Wann hat sich eigentlich der Begriff „Kunde“ für die Empfänger von Leistungen durchgesetzt?
Bierstedt: Landläufiger Standard. Das hat genau mit der Reform von 2005 zu tun. Seitdem hat sich der Begriff etabliert. es ist kein Begriff, der im SGB-II-Gesetz vorgesehen ist, aber er hat sich im Volksmund durchgesetzt. Deshalb spricht man intern immer noch von Kundin und Kunde.

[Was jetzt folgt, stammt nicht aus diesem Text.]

(* Let $\mathcal X\subset\mathbb R^d$ be a finite set with Euclidean distance $d$, and let $C=\{C_1,\dots,C_k\}$ be a center-based clustering of $\mathcal X$ satisfying the $\gamma$-margin property, where the center $\mu_i$ of $C_i$ is its center of mass $\frac1{|C_i|}\sum_{x\in C_i}x$. Assume $\delta\in(0,1)$ and $\gamma>1$. Then with probability at least $1-\delta$, the algorithm described in the context, run with a $C$-oracle, outputs $C$ (as a partition of $\mathcal X$).
   Context: A clustering $C=\{C_1,\dots,C_k\}$ is center-based with centers $\mu_1,\dots,\mu_k$ if $x\in C_i\iff i=\arg\min_j d(x,\mu_j)$. It satisfies the $\gamma$-margin property if for all $i$, all $x\in C_i$, $y\in\mathcal X\setminus C_i$: $\gamma d(x,\mu_i)<d(y,\mu_i)$. A $C$-oracle answers same-cluster queries ($\mathcal O(x_1,x_2)$ = true iff $x_1,x_2$ lie in the same cluster of $C$) and cluster-assignment queries ($\mathcal O(x)=i$ iff $x\in C_i$). The algorithm (input $\mathcal X$, oracle, $k$, $\delta$; $\gamma$ known) sets $S_1=\mathcal X$, output $\mathcal C=\emptyset$, and $\eta=\beta\frac{\log k+\log(1/\delta)}{(\gamma-1)^4}$, where $\beta$ is a fixed absolute constant (the constant of a generalized Hoeffding inequality for bounded i.i.d. random vectors in a Hilbert space). For $i=1,\dots,k$: Phase 1: draw $l=k\eta+1$ elements $Z$ independently and uniformly at random from $S_i$; ask a cluster-assignment query for each; let $Z_t=\{x\in Z:\mathcal O(x)=t\}$, $p=\arg\max_t|Z_t|$, and $\mu_p'=\frac1{|Z_p|}\sum_{x\in Z_p}x$. Phase 2: sort $S_i$ in increasing order of $d(x,\mu_p')$ and, by binary search using same-cluster queries, find the radius $r_i$ such that the elements of $S_i$ in cluster $p$ are exactly those with $d(x,\mu_p')\le r_i$ (assuming such a radius exists); set $C_p'=\{x\in S_i: d(x,\mu_p')\le r_i\}$, $S_{i+1}=S_i\setminus C_p'$, $\mathcal C=\mathcal C\cup\{C_p'\}$. Output $\mathcal C$. *)

theory Defs
  imports "HOL-Probability.Probability"
begin

type_synonym point = "nat \<Rightarrow> real"

text \<open>Points of R^d are represented as functions nat => real vanishing outside {0..<d}.\<close>
definition Rd :: "nat \<Rightarrow> point set" where
  "Rd d = {x. \<forall>i\<ge>d. x i = 0}"

definition edist :: "nat \<Rightarrow> point \<Rightarrow> point \<Rightarrow> real" where
  "edist d x y = sqrt (\<Sum>i<d. (x i - y i)^2)"

definition center_of_mass :: "point set \<Rightarrow> point" where
  "center_of_mass A = (\<lambda>i. (\<Sum>x\<in>A. x i) / real (card A))"

definition list_mean :: "point list \<Rightarrow> point" where
  "list_mean xs = (\<lambda>i. (\<Sum>x\<leftarrow>xs. x i) / real (length xs))"

text \<open>The clustering is given by a labelling cl : X -> {1..k}; cluster C_i = {x in X. cl x = i}.\<close>
definition cluster :: "point set \<Rightarrow> (point \<Rightarrow> nat) \<Rightarrow> nat \<Rightarrow> point set" where
  "cluster X cl i = {x\<in>X. cl x = i}"

definition clustering :: "point set \<Rightarrow> (point \<Rightarrow> nat) \<Rightarrow> nat \<Rightarrow> point set set" where
  "clustering X cl k = {cluster X cl i | i. i \<in> {1..k}}"

definition center_based ::
  "nat \<Rightarrow> point set \<Rightarrow> (point \<Rightarrow> nat) \<Rightarrow> nat \<Rightarrow> (nat \<Rightarrow> point) \<Rightarrow> bool" where
  "center_based d X cl k \<mu> \<longleftrightarrow>
     (\<forall>x\<in>X. \<forall>i\<in>{1..k}. x \<in> cluster X cl i \<longleftrightarrow>
        (\<forall>j\<in>{1..k}. j \<noteq> i \<longrightarrow> edist d x (\<mu> i) < edist d x (\<mu> j)))"

definition margin_property ::
  "nat \<Rightarrow> real \<Rightarrow> point set \<Rightarrow> (point \<Rightarrow> nat) \<Rightarrow> nat \<Rightarrow> (nat \<Rightarrow> point) \<Rightarrow> bool" where
  "margin_property d \<gamma> X cl k \<mu> \<longleftrightarrow>
     (\<forall>i\<in>{1..k}. \<forall>x\<in>cluster X cl i. \<forall>y\<in>X - cluster X cl i.
        \<gamma> * edist d x (\<mu> i) < edist d y (\<mu> i))"

definition label_count :: "(point \<Rightarrow> nat) \<Rightarrow> point list \<Rightarrow> nat \<Rightarrow> nat" where
  "label_count cl Z t = length (filter (\<lambda>x. cl x = t) Z)"

definition argmax_labels :: "(point \<Rightarrow> nat) \<Rightarrow> point list \<Rightarrow> nat set" where
  "argmax_labels cl Z = {t. \<forall>s. label_count cl Z s \<le> label_count cl Z t}"

primrec sample_list :: "'a set \<Rightarrow> nat \<Rightarrow> 'a list pmf" where
  "sample_list S 0 = return_pmf []"
| "sample_list S (Suc n) =
     bind_pmf (pmf_of_set S) (\<lambda>x. map_pmf (\<lambda>xs. x # xs) (sample_list S n))"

Apropos Semantik. Wie neu sind die Begriffe „Digitalisierung“, „Qualifizierungschancengesetz“ oder sogar „Qualifizierung“ für das Jobcenter?
Bierstedt: Natürlich sind das keine neuen Begriffe. Das Qualifizierungschancengesetz gilt seit 2019, wenn ich mich nicht irre. Es handelt sich nicht um einen neuen Trend, wir wollen, dass die Menschen die Möglichkeit haben, sich weiterzubilden und zu qualifizieren, damit sie nachhaltig in ihren Arbeitsplätzen integriert bleiben können, was beim Thema Fachkräftemangel und Qualifikation von Bedeutung ist. Die Digitalisierung ist zwar ein neues Thema, wurde aber durch Corona turbulenter, insbesondere für unsere Arbeit im Jobcenter. Im Jahr 2020 haben wir mit digitalen Akten begonnen, um, soweit möglich, Papier zu vermeiden und digitale Formulare einzuführen. Heute können Sie von Ihrem Sofa aus einen elektronischen Antrag ausfüllen und einreichen.
Qualifizierung bedeutet aber mehr…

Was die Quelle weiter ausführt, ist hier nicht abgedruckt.